It is about 72km from the capital Sana’a, at the foothills of Al-Qarani’ mountain, about 2400 m above sea level. It overlooks Al-Mahwit city to the west and Haraz and Al-Haimatin to the south. A beautiful city, with wonderful architecture. At Tawila also flourished during the period of the agriculture and trade of coffee beans from late 15th century AD until mid 18tyh century AD, as a collection center for coffee beans in preparation for transport to export parts (Al-Luhayya, Al-Hodeidah Mokha). The historical Husn (Fort) is the most important site there.

Al-Rujum
Al-Mahwit province abounds with several beautiful tourist attractions in terms of scenery terraces and architecture. The old village of All-Rujum is a typical example of that architecture. A famous weekly market is held there every Monday and it is one of the most beautiful markets in Yemen.

Al-Ahjer

It is about 56 km from Sana’a midway between Shibam and At-Tawila it is a fertile agricultural reputed for its waterfalls which were used in powering flour mills it is one of the most n=beautiful tourist attraction.

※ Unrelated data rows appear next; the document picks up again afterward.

theorem mainTheorem9:
  fixes M :: "('a, 'b) cat_data" and A :: "('c, 'd) cat_data"
    and n :: nat and Fo :: "'a \<Rightarrow> 'c" and Fm :: "'b \<Rightarrow> 'd"
  assumes "n \<ge> 1"
    and "n_abelian M n"
    and "abelian A"
    and "additive_functor M A Fo Fm"
  shows "(left_n_exact_functor M A n Fo Fm \<longrightarrow>
            (\<forall>f g. weak_kernel M f g \<longrightarrow> exact_at A (Fm f) (Fm g))) \<and>
         (right_n_exact_functor M A n Fo Fm \<longrightarrow>
            (\<forall>f g. weak_cokernel M g f \<longrightarrow> exact_at A (Fm f) (Fm g)))"
proof -
  obtain k where n: "n = Suc k" using assms(1) by (cases n) auto
  have M: "preadditive M" and A: "preadditive A"
    using assms(2,3) unfolding n_abelian_def abelian_def additive_def by auto
  have "\<exists>X d. is_n_kernel M n g X d" if "weak_kernel M f g" for f g
    using assms(2) that unfolding n_abelian_def weak_kernel_def by blast
  moreover have "\<exists>X d. is_n_cokernel M n f X d" if "weak_cokernel M g f" for f g
    using assms(2) that unfolding n_abelian_def weak_cokernel_def by blast
  ultimately show ?thesis
    using left_n_exact_functor_exact_at_weak_kernel[OF M A assms(4)]
      right_n_exact_functor_exact_at_weak_cokernel[OF M A assms(4)]
    unfolding n by blast
qed

end
section \<open>The identity for \<open>\<zeta>\<^sup>t\<close>\<close>

lemma sum_stuffle_merges_mzv_trunc:
  "(\<Sum>m\<leftarrow>stuffle_merges k i j. mzv_trunc m M) = mzv_trunc (replicate i k) M * mzsv_trunc (replicate j k) M"
  by (simp add: stuffle_merges_def sum_list_map_concat mzv_trunc_mult[symmetric] mzsv_trunc_eq_sum_merges
      sum_list_const_mult comp_def)

lemma sum_list_const_poly: "(\<Sum>x\<leftarrow>xs. [:f x:]) = [:\<Sum>x\<leftarrow>xs. f x:]"
  by (induction xs) simp_all

lemma sum_merges_monom_mzv_trunc:
  assumes k: "0 < k"
  shows "(\<Sum>q\<leftarrow>merges (replicate n k). monom (mzv_trunc q M) (n - length q)) =
    (\<Sum>i\<le>n. smult (mzv_trunc (replicate i k) M * mzsv_trunc (replicate (n - i) k) M)
                  ([:1, -1:] ^ i * [:0, 1:] ^ (n - i)))"
proof -
  have "1 - [:0, 1:] = ([:1, -1:] :: real poly)"
    by (simp add: one_pCons)
  moreover have "monom c e = [:0, 1:] ^ e * [:c:]" for c :: real and e
    by (simp add: monom_altdef mult.commute)
  ultimately show ?thesis
    using sum_merges_replicate_eq_stuffle_merges[OF k, of "[:0, 1:]" n "\<lambda>q. [:mzv_trunc q M:]"]
    by (simp add: sum_list_const_poly sum_stuffle_merges_mzv_trunc mult.commute)
qed

lemma tendsto_coeff_sum_list:
  fixes p :: "'a \<Rightarrow> nat \<Rightarrow> real poly"
  assumes "\<And>x. x \<in> set xs \<Longrightarrow> (\<lambda>M. coeff (p x M) d) \<longlonglongrightarrow> coeff (P x) d"
  shows "(\<lambda>M. coeff (\<Sum>x\<leftarrow>xs. p x M) d) \<longlonglongrightarrow> coeff (\<Sum>x\<leftarrow>xs. P x) d"
  using assms by (induction xs) (auto intro!: tendsto_add)

theorem mzv_t_replicate:
  assumes k: "2 \<le> k"
  shows "mzv_t (replicate n k) =
           (\<Sum>i\<le>n. smult (mzv (replicate i k) * mzsv (replicate (n - i) k))
                        ([:1, -1:] ^ i * [:0, 1:] ^ (n - i)))"
    (is "_ = ?R")
proof (rule poly_eqI)
  fix d
  have "\<forall>x\<in>set q. 2 \<le> x" if "q \<in> set (merges (replicate n k))" for q
    using set_merges_replicate(1)[OF _ that] k
    by (auto simp: pos_multiples_def intro: order_trans dvd_imp_le)
  then have "(\<lambda>M. coeff (\<Sum>q\<leftarrow>merges (replicate n k). monom (mzv_trunc q M) (n - length q)) d)
               \<longlonglongrightarrow> coeff (mzv_t (replicate n k)) d"
    unfolding mzv_t_def length_replicate
    by (intro tendsto_coeff_sum_list) (auto simp: coeff_monom intro: mzv_trunc_tendsto)
  moreover have "(\<lambda>M. coeff (\<Sum>i\<le>n. smult (mzv_trunc (replicate i k) M * mzsv_trunc (replicate (n - i) k) M)
                                  ([:1, -1:] ^ i * [:0, 1:] ^ (n - i))) d) \<longlonglongrightarrow> coeff ?R d"
    using k by (auto simp: coeff_sum intro!: tendsto_sum tendsto_mult_right tendsto_mult
        mzv_trunc_tendsto mzsv_trunc_tendsto)
  ultimately show "coeff (mzv_t (replicate n k)) d = coeff ?R d"
    using k by (simp add: sum_merges_monom_mzv_trunc LIMSEQ_unique)
qed

theorem proposition4p5:
  fixes k n :: nat
  assumes "1 \<le> k" and "1 \<le> n"
  shows "Smap tvar (wd (zpow k n)) =
           (\<lambda>v. \<Sum>i\<le>n. (1 - tvar) ^ i * tvar ^ (n - i) *
                  harm (wd (zpow k i)) (Smap 1 (wd (zpow k (n - i)))) v)
         \<and> (2 \<le> k \<longrightarrow>
           mzv_t (replicate n k) =
           (\<Sum>i\<le>n. smult (mzv (replicate i k) * mzsv (replicate (n - i) k))
                        ([:1, -1:] ^ i * [:0, 1:] ^ (n - i))))"
  using assms(1) Smap_zpow_eq_harm_sum mzv_t_replicate by simp

end
(* Let $T$ be a linear trellis. If $T$ is nonmergeable and one-to-one, then $T$ is connected and fragment one-to-one. Conversely, if $T$ is almost reduced, connected and fragment one-to-one, then $T$ is nonmergeable and one-to-one.
   Context: Let $\mathbb{F}$ be a finite field and $n\ge1$; indices are taken in $\mathbb{Z}_n$. A trellis $T$ of length $n$ over $\mathbb{F}$ consists of pairwise disjoint finite vertex sets $V_i(T)$, $i\in\mathbb{Z}_n$, and edge sets $E_i(T)\subseteq V_i(T)\times\mathbb{F}\times V_{i+1}(T)$; $(v,\alpha,w)\in E_i(T)$ is an edge from $v$ to $w$ with label $\alpha$. Trellises are trim. $T$ is linear if each $V_i(T)$ is an $\mathbb{F}$-vector space and each $E_i(T)$ a subspace. A path of length $m$ is $v_0\alpha_0v_1\cdots\alpha_{m-1}v_m$ with each $(v_j,\alpha_j,v_{j+1})$ an edge; its label sequence is $\alpha_0\cdots\alpha_{m-1}$. A cycle is a closed path of length $n$ starting in $V_0(T)$; $C(T)$ is the set of label sequences of cycles. $T$ is one-to-one if distinct cycles have distinct label sequences; almost reduced if every vertex lies on a cycle; connected if for any two distinct vertices $v,w$ there is a directed path from $v$ to $w$. $T$ is mergeable if for some $i$ and $v\ne w\in V_i(T)$, identifying $v$ and $w$ yields a trellis representing the same code; otherwise nonmergeable. $T$ is fragment one-to-one if any two distinct paths of length $n$ starting in the same vertex set $V_i(T)$ (for any $i$) have distinct label sequences. *)

theory Defs
  imports Main
begin

text \<open>A trellis of length n: vertex sets V i and edge sets E i for i < n
  (indices in Z_n realised as {0..<n} with successor (i+1) mod n).
  Labels come from a finite field of type 'f.\<close>

definition nxt :: "nat \<Rightarrow> nat \<Rightarrow> nat" where
  "nxt n i = Suc i mod n"

definition prv :: "nat \<Rightarrow> nat \<Rightarrow> nat" where
  "prv n i = (i + n - 1) mod n"

definition vertices :: "nat \<Rightarrow> (nat \<Rightarrow> 'v set) \<Rightarrow> 'v set" where
  "vertices n V = (\<Union>i<n. V i)"

definition edges :: "nat \<Rightarrow> (nat \<Rightarrow> ('v \<times> 'f \<times> 'v) set) \<Rightarrow> ('v \<times> 'f \<times> 'v) set" where
  "edges n E = (\<Union>i<n. E i)"
definition k_VC_dim :: "'a hypergraph \<Rightarrow> nat \<Rightarrow> enat" where
  "k_VC_dim H k = (SUP X \<in> {X. finite X \<and> k_shattered H k X}. enat (card X))"

definition dual_distance_2VC_dim :: "'a set \<Rightarrow> ('a \<Rightarrow> 'a \<Rightarrow> bool) \<Rightarrow> enat" where
  "dual_distance_2VC_dim V E = k_VC_dim (dual_hypergraph (distance_hypergraph V E)) 2"

text \<open>K_t minor via branch sets: t pairwise disjoint nonempty connected vertex
sets, every two joined by an edge.\<close>
definition connected_set :: "'a set \<Rightarrow> ('a \<Rightarrow> 'a \<Rightarrow> bool) \<Rightarrow> 'a set \<Rightarrow> bool" where
  "connected_set V E S \<longleftrightarrow> S \<subseteq> V \<and>
     (\<forall>x\<in>S. \<forall>y\<in>S. \<exists>xs. walk_in E S xs \<and> hd xs = x \<and> last xs = y)"

definition has_complete_minor :: "'a set \<Rightarrow> ('a \<Rightarrow> 'a \<Rightarrow> bool) \<Rightarrow> nat \<Rightarrow> bool" where
  "has_complete_minor V E t \<longleftrightarrow> (\<exists>B :: nat \<Rightarrow> 'a set.
     (\<forall>i<t. B i \<noteq> {} \<and> connected_set V E (B i)) \<and>
     (\<forall>i<t. \<forall>j<t. i \<noteq> j \<longrightarrow> B i \<inter> B j = {}) \<and>
     (\<forall>i<t. \<forall>j<t. i \<noteq> j \<longrightarrow> (\<exists>x\<in>B i. \<exists>y\<in>B j. E x y)))"
definition verts :: "nat set" where "verts = {..<m * L}"

definition bead_adj :: "nat \<Rightarrow> nat \<Rightarrow> bool" where
  "bead_adj r r' \<longleftrightarrow> (r < D \<and> r' < D) \<or> (D \<le> r \<and> D \<le> r') \<or> (r = 2 \<and> r' = D) \<or> (r = D \<and> r' = 2)"

definition link :: "nat \<Rightarrow> nat \<Rightarrow> bool" where
  "link u v \<longleftrightarrow> u mod L = 1 \<and> v mod L = 0 \<and> v div L = Suc (u div L) mod m"

definition adj :: "nat \<Rightarrow> nat \<Rightarrow> bool" where
  "adj u v \<longleftrightarrow> (u div L = v div L \<and> bead_adj (u mod L) (v mod L)) \<or> link u v \<or> link v u"

definition edges :: "nat set set" where
  "edges = {{u, v} | u v. u \<in> verts \<and> v \<in> verts \<and> u \<noteq> v \<and> adj u v}"

definition pos_degree :: "nat \<Rightarrow> nat" where
  "pos_degree r = (if r < D then (if r \<le> 2 then D else D - 1) else if r = D then s + 1 else s)"

lemma D_less_L: "D < L" and Suc_D_less_L: "Suc D < L" and one_less_L: "1 < L" and L_pos: "0 < L"
  using s_pos by (auto simp: L_def)

lemma bead_div [simp]: "r < L \<Longrightarrow> (b * L + r) div L = b"
  and bead_mod [simp]: "r < L \<Longrightarrow> (b * L + r) mod L = r"
  using D_less_L by auto

lemma bead_Suc_div [simp]: "Suc (b * L) div L = b"
  and bead_Suc_mod [simp]: "Suc (b * L) mod L = 1"
  using bead_div[of 1 b] bead_mod[of 1 b] one_less_L by simp_all

lemma in_verts_iff: "u \<in> verts \<longleftrightarrow> u div L < m"
  using D_less_L by (simp add: verts_def div_less_iff_less_mult)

Al-Mahwit province has many beautiful places ad fertile wadis. There are several fortresses and citadels on mountain tops. A scenic route connects Al Mahwit and Khamees Bani Sa’ad on the Sana’a to Hodeidah highway, which is one of the most attractive across Wadi Sara’a.

Shibam-Kawkaban

Shibam is historically known as Shibam Aqyan. It was an important center for whart is historically known as “ Sama’ai Triad” during the 2nd and 3rd centuries AD. The ancient town is now in ruins. Shibam in Sabean comes from the verb Shabam which means the “ Goat” or cool and is a name of many places in Yemen like Shibam Haraz, Shibam Hadhramwt, Shibam al Ghiras Kawkaban. The classical sources refer it to Shibam Bin Abdullah Bin Asa’ad Bin Jashem Bin Hashid and the town was renewed as Shibam Aqyan in attribution to Aqyan Bin Zara’ah Bin Little Saba who is one of the Himyarite Kings. It was mentioned in old inscription as Shibam Yahbas. The ancient Yemenite Geographer referred to it as Shibam Yafur who resided in it and built citadels and walls in addition tom castles, houses, mosques and vapor baths in addition to markets. A lot of the facades of Shibam are built with old stones some of which are carrying Mousnad inscriptions and it altitude is 2300 above sea level. At present the remaining Islamic era related houses are distributed into religious building such as mosques, tombs, Civil building like the Old Central Market, the Customs Office “ Samsarat”, Government Office “ Employees Hall” and the Old vapor baths in addition to warlike building represented in the wall of the city, its gates, towers and all of them revert to the Ya’afuride Dynasty which adopted Shibam as its Capital as of 829 Ad to 1100. It includes many archaeological and historical features of which are:

The big Mosque in Shibam
The big Mosque in Shibam Kowkaban reverts to the Ya’afuride Dynasty as it was built by Mohammed Bin Ya’afur in the third Hegira century, (9th Century AD) then it was further built till the demise of the Ya’afuride Dynasty. The mosque was subjected for destruction till it was renewed at the commencement of the first Ottoman rule of Yemen. It is one of the most important features of the town.

The old Central Market:

It is located near the old mosque of the town as is the case in the first Islamic towns. It combines many markets as per the craft, profession and kind of goods.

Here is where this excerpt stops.